definition incident_edges :: "'c set set \<Rightarrow> 'c list \<Rightarrow> 'c set set" where
  "incident_edges E p = {\<epsilon>\<in>E. \<epsilon> \<notin> path_edges p \<and> \<epsilon> \<inter> set p \<noteq> {}}"

definition q_path :: "('c set \<Rightarrow> 'c \<Rightarrow> int) \<Rightarrow> 'c set \<Rightarrow> 'c list \<Rightarrow> int" where
  "q_path q \<epsilon> p = q \<epsilon> (THE u. u \<in> \<epsilon> \<and> u \<in> set p)"

definition xcoef ::
  "'c set \<Rightarrow> 'c set \<Rightarrow> 'c set set \<Rightarrow> ('c \<Rightarrow> int) \<Rightarrow> ('c set \<Rightarrow> 'c \<Rightarrow> int) \<Rightarrow> 'c \<Rightarrow> 'c \<Rightarrow> int" where
  "xcoef V A E f q v \<alpha> =
     f \<alpha> * (\<Prod>\<epsilon>\<in>incident_edges E (gamma (V \<union> A) E v \<alpha>). q_path q \<epsilon> (gamma (V \<union> A) E v \<alpha>))"

definition Ncoef ::
  "'c set \<Rightarrow> 'c set \<Rightarrow> 'c set set \<Rightarrow> ('c \<Rightarrow> int) \<Rightarrow> ('c set \<Rightarrow> 'c \<Rightarrow> int) \<Rightarrow> 'c \<Rightarrow> int" where
  "Ncoef V A E f q v = (\<Sum>\<alpha>\<in>A - A0 A f. xcoef V A E f q v \<alpha>)"

definition Minv ::
  "'c set \<Rightarrow> 'c set \<Rightarrow> 'c set set \<Rightarrow> ('c \<Rightarrow> int) \<Rightarrow> ('c set \<Rightarrow> 'c \<Rightarrow> int) \<Rightarrow> int" where
  "Minv V A E f q = - (\<Sum>v\<in>V \<union> A0 A f. Ncoef V A E f q v * (int (valency E v) - 2))"

definition pseudo_root ::
  "'c set \<Rightarrow> 'c set \<Rightarrow> 'c set set \<Rightarrow> ('c set \<Rightarrow> 'c \<Rightarrow> int) \<Rightarrow> 'c \<Rightarrow> bool" where
  "pseudo_root V A E q v0 \<longleftrightarrow> v0 \<in> V \<and> (\<forall>e\<in>E. v0 \<in> e \<longrightarrow> q e v0 = 1)
     \<and> (\<forall>v\<in>V - {v0}. card {e\<in>E. v \<in> e \<and> e \<notin> path_edges (gamma (V \<union> A) E v0 v) \<and> q e v \<noteq> 1} \<le> 1)"

definition decorated_pseudo_rooted_tree ::
  "'c set \<Rightarrow> 'c set \<Rightarrow> 'c set set \<Rightarrow> ('c \<Rightarrow> int) \<Rightarrow> ('c set \<Rightarrow> 'c \<Rightarrow> int) \<Rightarrow> 'c \<Rightarrow> bool" where
  "decorated_pseudo_rooted_tree V A E f q v0 \<longleftrightarrow> decorated_tree V A E f q \<and> pseudo_root V A E q v0"

text \<open>Cells of T_X live in the sum type: Inl x is the old cell x, Inr v is the new arrow alpha_v.\<close>

definition subV :: "'c set \<Rightarrow> 'c set \<Rightarrow> 'c set set \<Rightarrow> 'c \<Rightarrow> 'c set \<Rightarrow> 'c set" where
  "subV V A E v0 X = {v\<in>V. \<exists>\<alpha>\<in>X. v \<in> set (gamma (V \<union> A) E v0 \<alpha>)}"

definition subE :: "'c set \<Rightarrow> 'c set \<Rightarrow> 'c set set \<Rightarrow> 'c \<Rightarrow> 'c set \<Rightarrow> 'c set set" where
  "subE V A E v0 X = (\<Union>\<alpha>\<in>X. path_edges (gamma (V \<union> A) E v0 \<alpha>))"

definition bval ::
  "'c set \<Rightarrow> 'c set \<Rightarrow> 'c set set \<Rightarrow> ('c set \<Rightarrow> 'c \<Rightarrow> int) \<Rightarrow> 'c \<Rightarrow> 'c set \<Rightarrow> 'c \<Rightarrow> int" where
  "bval V A E q v0 X v = (\<Prod>e\<in>{e\<in>E. v \<in> e \<and> e \<notin> subE V A E v0 X}. q e v)"

definition TX_V :: "'c set \<Rightarrow> 'c set \<Rightarrow> 'c set set \<Rightarrow> 'c \<Rightarrow> 'c set \<Rightarrow> ('c + 'c) set" where
  "TX_V V A E v0 X = Inl ` subV V A E v0 X"

definition TX_A ::
  "'c set \<Rightarrow> 'c set \<Rightarrow> 'c set set \<Rightarrow> ('c set \<Rightarrow> 'c \<Rightarrow> int) \<Rightarrow> 'c \<Rightarrow> 'c set \<Rightarrow> ('c + 'c) set" where
  "TX_A V A E q v0 X = Inl ` X \<union> Inr ` {v\<in>subV V A E v0 X. bval V A E q v0 X v \<noteq> 1}"

definition TX_E ::
  "'c set \<Rightarrow> 'c set \<Rightarrow> 'c set set \<Rightarrow> ('c set \<Rightarrow> 'c \<Rightarrow> int) \<Rightarrow> 'c \<Rightarrow> 'c set \<Rightarrow> ('c + 'c) set set" where
  "TX_E V A E q v0 X = (\<lambda>e. Inl ` e) ` subE V A E v0 X
     \<union> (\<lambda>v. {Inl v, Inr v}) ` {v\<in>subV V A E v0 X. bval V A E q v0 X v \<noteq> 1}"

definition TX_f :: "('c \<Rightarrow> int) \<Rightarrow> ('c + 'c) \<Rightarrow> int" where
  "TX_f f c = (case c of Inl x \<Rightarrow> f x | Inr v \<Rightarrow> 0)"

definition TX_q ::
  "'c set \<Rightarrow> 'c set \<Rightarrow> 'c set set \<Rightarrow> ('c set \<Rightarrow> 'c \<Rightarrow> int) \<Rightarrow> 'c \<Rightarrow> 'c set
     \<Rightarrow> ('c + 'c) set \<Rightarrow> ('c + 'c) \<Rightarrow> int" where
  "TX_q V A E q v0 X e c = (case c of
       Inl x \<Rightarrow> (if Inr x \<in> e then bval V A E q v0 X x else q (Inl -` e) x)
     | Inr v \<Rightarrow> 1)"

definition M_sub ::
  "'c set \<Rightarrow> 'c set \<Rightarrow> 'c set set \<Rightarrow> ('c \<Rightarrow> int) \<Rightarrow> ('c set \<Rightarrow> 'c \<Rightarrow> int) \<Rightarrow> 'c \<Rightarrow> 'c set \<Rightarrow> int" where
  "M_sub V A E f q v0 X = Minv (TX_V V A E v0 X) (TX_A V A E q v0 X) (TX_E V A E q v0 X)
      (TX_f f) (TX_q V A E q v0 X)"

end

theory Submission
  imports Defs
begin

(* Write M(T) = - \<Sum>_{\<alpha> \<in> X} \<Sum>_v x_{v,\<alpha>} (\<delta>_v - 2) with X = A - A_0, and compare T with T_X
   for each \<alpha> separately.

   The cells of T outside T'_X form branches hanging off T'_X; orienting them towards v_0 gives
   every such cell c a parent. Along a branch, x_{c,\<alpha>} is the product of the decorations at c of
   the edges away from the parent times a tail factor, and the tail of a child d of c is the tail
   of c times the decorations at c of the edges other than {c,d} and the parent edge. By the
   pseudo-root condition at most one of these decorations differs from 1, and for such a family
   \<Sum>_e \<Prod>_{e' \<noteq> e} q_{e'} = (k - 1) \<Prod>_e q_e + 1. Hence x_{c,\<alpha>} (\<delta>_c - 2) is the sum of the tails
   of the children of c minus the tail of c, and the sum over all cells outside T'_X telescopes
   to the children of the vertices of T'_X. At such a vertex w what remains is exactly the
   contribution of the new arrow \<alpha>_w decorated by b_w, while the other cells of T_X contribute as
   in T because the paths of T_X towards X are copies of those of T. *)

section \<open>Paths\<close>

lemma path_edge_list_Nil [simp]: "path_edge_list [] = []"
  by (simp add: path_edge_list_def)

lemma path_edge_list_singleton [simp]: "path_edge_list [x] = []"
  by (simp add: path_edge_list_def)

lemma path_edge_list_Cons_Cons [simp]:
  "path_edge_list (x # y # p) = {x, y} # path_edge_list (y # p)"
  unfolding path_edge_list_def by (simp add: upt_conv_Cons map_Suc_upt[symmetric] del: upt_Suc)

lemma path_edge_list_append:
  "path_edge_list (p @ y # p') = path_edge_list (p @ [y]) @ path_edge_list (y # p')"
  by (induction p rule: induct_list012) auto

lemma path_edge_list_snoc_snoc: "path_edge_list (p @ [y, z]) = path_edge_list (p @ [y]) @ [{y, z}]"
  using path_edge_list_append[of p y "[z]"] by simp

lemma path_edge_subset: "e \<in> set (path_edge_list p) \<Longrightarrow> e \<subseteq> set p"
  by (induction p rule: induct_list012) auto

lemma path_edge_list_rev: "path_edge_list (rev p) = rev (path_edge_list p)"
  by (induction p rule: induct_list012) (auto simp: path_edge_list_snoc_snoc insert_commute)

lemma path_edges_rev [simp]: "path_edges (rev p) = path_edges p"
  by (simp add: path_edges_def path_edge_list_rev)

lemma path_edge_list_map: "path_edge_list (map h p) = map (\<lambda>e. h ` e) (path_edge_list p)"
  by (induction p rule: induct_list012) auto

lemma path_edges_map: "path_edges (map h p) = (\<lambda>e. h ` e) ` path_edges p"
  by (simp add: path_edges_def path_edge_list_map)

lemma path_edges_Cons_Cons: "path_edges (c # x # p) = insert {c, x} (path_edges (x # p))"
  by (simp add: path_edges_def)

lemma notin_path_edge: "c \<notin> set p \<Longrightarrow> e \<in> path_edges p \<Longrightarrow> c \<notin> e"
  unfolding path_edges_def using path_edge_subset by blast

lemma is_path_singleton [simp]: "is_path X0 X1 [x] \<longleftrightarrow> x \<in> X0"
  by (simp add: is_path_def)

lemma is_path_Cons_Cons:
  "is_path X0 X1 (x # y # p) \<longleftrightarrow>
     x \<in> X0 \<and> {x, y} \<in> X1 \<and> {x, y} \<notin> set (path_edge_list (y # p)) \<and> is_path X0 X1 (y # p)"
  by (auto simp: is_path_def)

lemma is_path_appendD:
  "is_path X0 X1 (p @ y # p') \<Longrightarrow> is_path X0 X1 (p @ [y]) \<and> is_path X0 X1 (y # p')"
  unfolding is_path_def using path_edge_list_append[of p y p'] by auto

lemma is_path_rev: "is_path X0 X1 (rev p) \<longleftrightarrow> is_path X0 X1 p"
  unfolding is_path_def by (auto simp: path_edge_list_rev)

lemma is_path_interior_edges:
  assumes "is_path X0 X1 (p @ y # p')" "p \<noteq> []" "p' \<noteq> []"
  shows "{last p, y} \<in> X1 \<and> {y, hd p'} \<in> X1 \<and> {last p, y} \<noteq> {y, hd p'}"
proof -
  obtain p0 z where p: "p = p0 @ [z]" using assms(2) by (metis rev_exhaust)
  obtain w p1 where p': "p' = w # p1" using assms(3) by (cases p') auto
  have "path_edge_list (p @ y # p') =
      (path_edge_list (p0 @ [z]) @ [{z, y}]) @ ({y, w} # path_edge_list (w # p1))"
    using path_edge_list_append[of p y p'] by (simp add: p p' path_edge_list_snoc_snoc)
  then show ?thesis using assms(1) unfolding is_path_def by (auto simp: p p')
qed

lemma valency_one_on_path:
  assumes "finite X1" and p: "is_path X0 X1 p" and a: "a \<in> set p" and "valency X1 a = 1"
  shows "a = hd p \<or> a = last p"
proof (rule ccontr)
  assume "\<not> (a = hd p \<or> a = last p)"
  moreover obtain p1 p2 where s: "p = p1 @ a # p2" using a split_list by metis
  ultimately have "p1 \<noteq> []" "p2 \<noteq> []" by auto
  then have two: "{last p1, a} \<in> X1 \<and> {a, hd p2} \<in> X1 \<and> {last p1, a} \<noteq> {a, hd p2}"
    using is_path_interior_edges p s by metis
  then have "card {{last p1, a}, {a, hd p2}} \<le> card {e\<in>X1. a \<in> e}"
    using \<open>finite X1\<close> by (intro card_mono) auto
  then show False using two \<open>valency X1 a = 1\<close> unfolding valency_def by simp
qed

::::::::

- _Directions_
The stretch of entries above that starts with the line containing "(rev p) = rev" and goes on through the line containing "by (simp add: path_edges_def)" is to be transcribed exactly, and no other line is to be transcribed.

- _Result below_
lemma path_edge_list_rev: "path_edge_list (rev p) = rev (path_edge_list p)"
  by (induction p rule: induct_list012) (auto simp: path_edge_list_snoc_snoc insert_commute)

lemma path_edges_rev [simp]: "path_edges (rev p) = path_edges p"
  by (simp add: path_edges_def path_edge_list_rev)

lemma path_edge_list_map: "path_edge_list (map h p) = map (\<lambda>e. h ` e) (path_edge_list p)"
  by (induction p rule: induct_list012) auto

lemma path_edges_map: "path_edges (map h p) = (\<lambda>e. h ` e) ` path_edges p"
  by (simp add: path_edges_def path_edge_list_map)

lemma path_edges_Cons_Cons: "path_edges (c # x # p) = insert {c, x} (path_edges (x # p))"
  by (simp add: path_edges_def)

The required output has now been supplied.